David Cheriton, Chief Scientist et fondateur de la société Apstra, explique quel rôle peut jouer AOS, un système d’exploitation distribué pour data center et indépendant des matériels et permet de découpler la conception des réseaux et l’exploitation.




The Apstra Operating System (AOS) is a vendor-agnostic Distributed Operating System for data center networks – it allows for any mix of name-brand or white-box hardware and decouples network design and operations from the lower-level, error-prone, manual workflows required by vendor-specific hardware. At the network service level, AOS lets you specify “intent” rather than a detailed specification, then it will automatically generate configurations for the various hardware options, and continuously auto-validate the network state against the original intent – with massively improved service agility and reliability.

Mansour Karam, Apstra’s CEO and co-founder, compare this “intent driven” approach to a driverless car. A simple intent, like “find the nearest space and park”, represents a highly complicated set of individual observations, measurements, decisions and actions combined with on-going monitoring and corrections until completed. But a driverless car will automatically fulfil that intent in real-time without needing a long list of imperative commands. In the AOS context, intent can itself be quite complex. An 90-word example on the Apstra website begins: “Provide connectivity to 1000 servers, using L2 and/or L3 access at the edge, with oversubscription in the core of 1:1 (no oversubscription), with endpoints such as hosts, VMs or containers grouped into isolation domains (including both traffic and address space isolation)…” and so on. Any change in an intent takes a few mouse clicks, and AOS will auto-render new configurations for any chosen vendor equipment.

There is nothing else like it on the market. Some tools are available for automating specific use cases, but not into an integrated whole with continuous real-time validation. There is nothing to compare with this ability to express a near business-level intent and see it right through the design, build deploy and validation lifecycle. Anyone needing to slash the effort pf designing, building, deploying and operating a data center network will benefit.

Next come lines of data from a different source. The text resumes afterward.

lemma haemers_attained:
  assumes "1\<^sub>m n \<in> S"
  obtains m B where "B \<in> block_mats m n S" and "diag_block_sum m n B = 1\<^sub>m n"
    and "haemers n S = vec_space.rank (m * n) B"
proof -
  let ?witness = "\<lambda>r. \<exists>m B. B \<in> block_mats m n S \<and> diag_block_sum m n B = 1\<^sub>m n
    \<and> r = vec_space.rank (m * n) B"
  have "block n (1\<^sub>m n) 0 0 = 1\<^sub>m n"
    by (rule eq_matI) (simp_all add: block_def)
  then have "1\<^sub>m n \<in> block_mats 1 n S"
    using assms by (simp add: block_mats_def)
  moreover have "diag_block_sum 1 n (1\<^sub>m n) = 1\<^sub>m n"
    by (rule eq_matI) (simp_all add: diag_block_sum_def)
  ultimately have "?witness (vec_space.rank (1 * n) (1\<^sub>m n :: complex mat))"
    by (intro exI[where x = 1] exI[where x = "1\<^sub>m n"]) simp
  then have "?witness (haemers n S)"
    unfolding haemers_def by (rule LeastI)
  with that show ?thesis by blast
qed

theorem mainTheorem2:
  fixes S T :: "complex mat set" and n n' :: nat
  assumes "nc_graph n S" and "nc_graph n' T"
  shows "haemers (n * n') (tensor_space n n' S T) \<le> haemers n S * haemers n' T"
proof -
  obtain m B where B: "B \<in> block_mats m n S" "diag_block_sum m n B = 1\<^sub>m n"
    and rank_B: "haemers n S = vec_space.rank (m * n) B"
    using haemers_attained assms(1) unfolding nc_graph_def by metis
  obtain m' C where C: "C \<in> block_mats m' n' T" "diag_block_sum m' n' C = 1\<^sub>m n'"
    and rank_C: "haemers n' T = vec_space.rank (m' * n') C"
    using haemers_attained assms(2) unfolding nc_graph_def by metis
  have "block_kron m m' n n' B C \<in> block_mats (m * m') (n * n') (tensor_space n n' S T)"
    using B(1) C(1) by (rule block_kron_in_block_mats)
  moreover have "diag_block_sum (m * m') (n * n') (block_kron m m' n n' B C) = 1\<^sub>m (n * n')"
    by (simp add: diag_block_sum_block_kron B(2) C(2) kron_one_mat)
  ultimately have "haemers (n * n') (tensor_space n n' S T)
      \<le> vec_space.rank (m * m' * (n * n')) (block_kron m m' n n' B C)"
    by (rule haemers_le_rank)
  also have "\<dots> \<le> haemers n S * haemers n' T"
    unfolding rank_B rank_C
    using B(1) C(1) by (intro rank_block_kron_le) (simp_all add: block_mats_def)
  finally show ?thesis .
qed

end
text \<open>Hoelder's inequality on E in disguise: integrate Young's inequality
  u \<le> l^(1-p) u^p / p + l (1 - 1/p) over E.\<close>
lemma nn_integral_le_of_nn_integral_powr_le_pos:
  fixes g :: "'b \<Rightarrow> real"
  assumes [measurable]: "g \<in> borel_measurable M" "E \<in> sets M"
    and g: "\<And>x. g x \<ge> 0"
    and E: "emeasure M E = ennreal \<mu>" and \<mu>: "\<mu> \<ge> 0"
    and p: "p \<ge> 1" and l: "l > 0"
    and Ip: "(\<integral>\<^sup>+x\<in>E. ennreal (g x powr p) \<partial>M) \<le> ennreal (\<mu> * l powr p)"
  shows "(\<integral>\<^sup>+x\<in>E. ennreal (g x) \<partial>M) \<le> ennreal (\<mu> * l)"
proof -
  define a where "a = l powr (1 - p) / p"
  define b where "b = l * (1 - 1 / p)"
  have a: "a \<ge> 0" and b: "b \<ge> 0" unfolding a_def b_def using p l by auto
  have "(\<integral>\<^sup>+x\<in>E. ennreal (g x) \<partial>M)
      \<le> (\<integral>\<^sup>+x. ennreal a * (ennreal (g x powr p) * indicator E x) + ennreal b * indicator E x \<partial>M)"
  proof (intro nn_integral_mono)
    fix x
    have "g x \<le> a * g x powr p + b"
      using Youngs_inequality_scaled[OF g l p] unfolding a_def b_def by simp
    then show "ennreal (g x) * indicator E x
        \<le> ennreal a * (ennreal (g x powr p) * indicator E x) + ennreal b * indicator E x"
      using a b
      by (auto simp: indicator_def ennreal_mult''[symmetric] ennreal_plus[symmetric] simp del: ennreal_plus)
  qed
  also have "\<dots> = ennreal a * (\<integral>\<^sup>+x\<in>E. ennreal (g x powr p) \<partial>M) + ennreal b * emeasure M E"
    by (subst nn_integral_add) (auto simp: nn_integral_cmult)
  also have "\<dots> \<le> ennreal a * ennreal (\<mu> * l powr p) + ennreal b * ennreal \<mu>"
    using Ip E by (intro add_mono mult_left_mono) auto
  also have "\<dots> = ennreal (a * (\<mu> * l powr p) + b * \<mu>)"
    using a b \<mu> by (simp add: ennreal_mult''[symmetric] ennreal_plus[symmetric] del: ennreal_plus)
  also have "a * (\<mu> * l powr p) + b * \<mu> = \<mu> * l"
    unfolding a_def b_def using l p by (simp add: powr_diff field_simps)
  finally show ?thesis .
qed
(* Let $\mathcal A=\{a_1,\dots,a_n\}\subset\mathbb Z^d$ with $n\ge d+2$ and $d$-dimensional convex hull, and let $\Delta=\{a_{i_1},\dots,a_{i_{d+1}}\}$ be a $d$-simplex of $\mathcal A$ with index set $I=\{i_1<\dots<i_{d+1}\}$. Then the cone $\mathcal C_\Delta$ of all height vectors $h\in\mathbb R^n$ inducing a regular subdivision of $\mathcal A$ that contains $\Delta$ (as a cell) is \[ \mathcal C_\Delta=\{h\in\mathbb R^n:\ \langle d_I\cdot m^I_i,h\rangle=d_I\cdot d_{I\cup\{i\}}(h)>0\ \text{ for all } i\notin I\}, \] and the $n-(d+1)$ vectors $d_I\cdot m^I_i$, $i\notin I$, form a basis of the kernel of the matrix $A$.
   Context: Let $A\in\mathbb Z^{(d+1)\times n}$ be the matrix whose $j$-th column is $(1,a_j)^t$, and for $h\in\mathbb R^n$ let $A_h\in\mathbb R^{(d+2)\times n}$ be $A$ with the extra last row $(h_1,\dots,h_n)$. A $d$-simplex of $\mathcal A$ is a subset of $d+1$ affinely independent points of $\mathcal A$. $d_I$ is the determinant of the $(d+1)\times(d+1)$ submatrix of $A$ with columns indexed by $I$ (nonzero). For $i\notin I$, $d_{I\cup\{i\}}(h)$ is the determinant of the $(d+2)\times(d+2)$ submatrix of $A_h$ with columns indexed by $I\cup\{i\}$, multiplied by the sign of the permutation sending the increasingly ordered $I\cup\{i\}$ to $(i_1,\dots,i_{d+1},i)$; it is a linear function of $h$, and $m^I_i\in\mathbb R^n$ denotes the vector with $d_{I\cup\{i\}}(h)=\langle m^I_i,h\rangle$ for all $h$. Regular subdivisions: for $h\in\mathbb R^n$, lift $a_j$ to $(a_j,h_j)\in\mathbb R^{d+1}$; the lower faces of the convex hull of the lifted points are the faces having an inner normal with positive last coordinate. For each lower face $F$, the set $\{a_j:(a_j,h_j)\in F\}$ is a cell; the collection of cells is the regular subdivision $\Gamma_h$ induced by $h$. "$\Gamma_h$ contains $\Delta$" means $\Delta$ is a cell of $\Gamma_h$. *)

theory Defs
  imports "HOL-Analysis.Analysis" "HOL-Combinatorics.Permutations"
begin

definition ndet :: "nat \<Rightarrow> (nat \<Rightarrow> nat \<Rightarrow> real) \<Rightarrow> real" where
  "ndet k M = (\<Sum>p | p permutes {..<k}. of_int (sign p) * (\<Prod>r<k. M r (p r)))"

definition crd :: "nat \<Rightarrow> 'd::{finite,linorder}" where
  "crd k = sorted_list_of_set (UNIV :: 'd set) ! k"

“Apstra could grow to be a very significant networking company” according to David. “It becomes the operating system for the datacentre network and, in that context, you have switches or devices that plug into it just like device drivers in a conventional operating system. It also becomes a foundation for automating the rest of the datacentre and there is a lot of areas of automation that are required at the server level, at the application level. What’s critical for that automation is to be able to have insights into and control of the network. So, I think we’re in a great position to grow in that sense to become the datacentre operating system.”

Asked about the relevance to the burgeoning Internet of Things (IOT), David acknowledged the growing pressure on the network for fault tolerance and high availability as well as sheer performance. At the “speeds and feeds” level, AOS is enabling incredible growth. “The real limit of the technology is how solid can we build applications on top of this, and how solidly can we run the communications… It ties back to the Apstra opportunity: we need to automate these systems to run with the reliability and the flexibility that’s required for new applications that are all part of the IoT umbrella”.

“Apstra is tackling a really fundamental problem here… the operating system problem. How do you operate complex computer-based systems? And the answer can’t be manually. it just doesn’t work. Things are happening too quickly. Things are too complicated. It’s too hard to figure out what’s going on in the right period of time so it has to be automated. Apstra is tackling exactly that problem with datacentre networks, automating the management of these networks. Management is a key functionality.”

“To me, management is detecting when things are going off the rails and correcting the situations before they come completely off the rails. I think that that is going to be absolutely critical. In Google, Amazon or Facebook, if an individual server fails, you don’t notice it. If the network has a problem, everybody notices it. It’s absolutely foundational to every company that’s doing any kind of IT.”

So, what is it that really drives David Cheriton? Is it just finding solutions to problems – albeit complex, distributed problems? Is it to be changing the face of networking, communications and so shaping world business? Looking back over his many successful investments and projects, what makes him most proud?

“I think the thing that I’ve enjoyed the most is all the people I’ve worked with. One of the things I really love about computing is there is a lot of intelligent hardworking people that are passionate about the technology and it’s just very exciting to build a team where you pull off something that you realise no individual could do by themselves but you’ve done together. So, I think I personally get a lot of enjoyment out of that.

“I think the other element is that… a lot of people have benefited in their career and in their financial situation in the companies I’ve been involved with. It’s just nice to see people having a better life as a result of companies that I’ve had some role in pulling together.”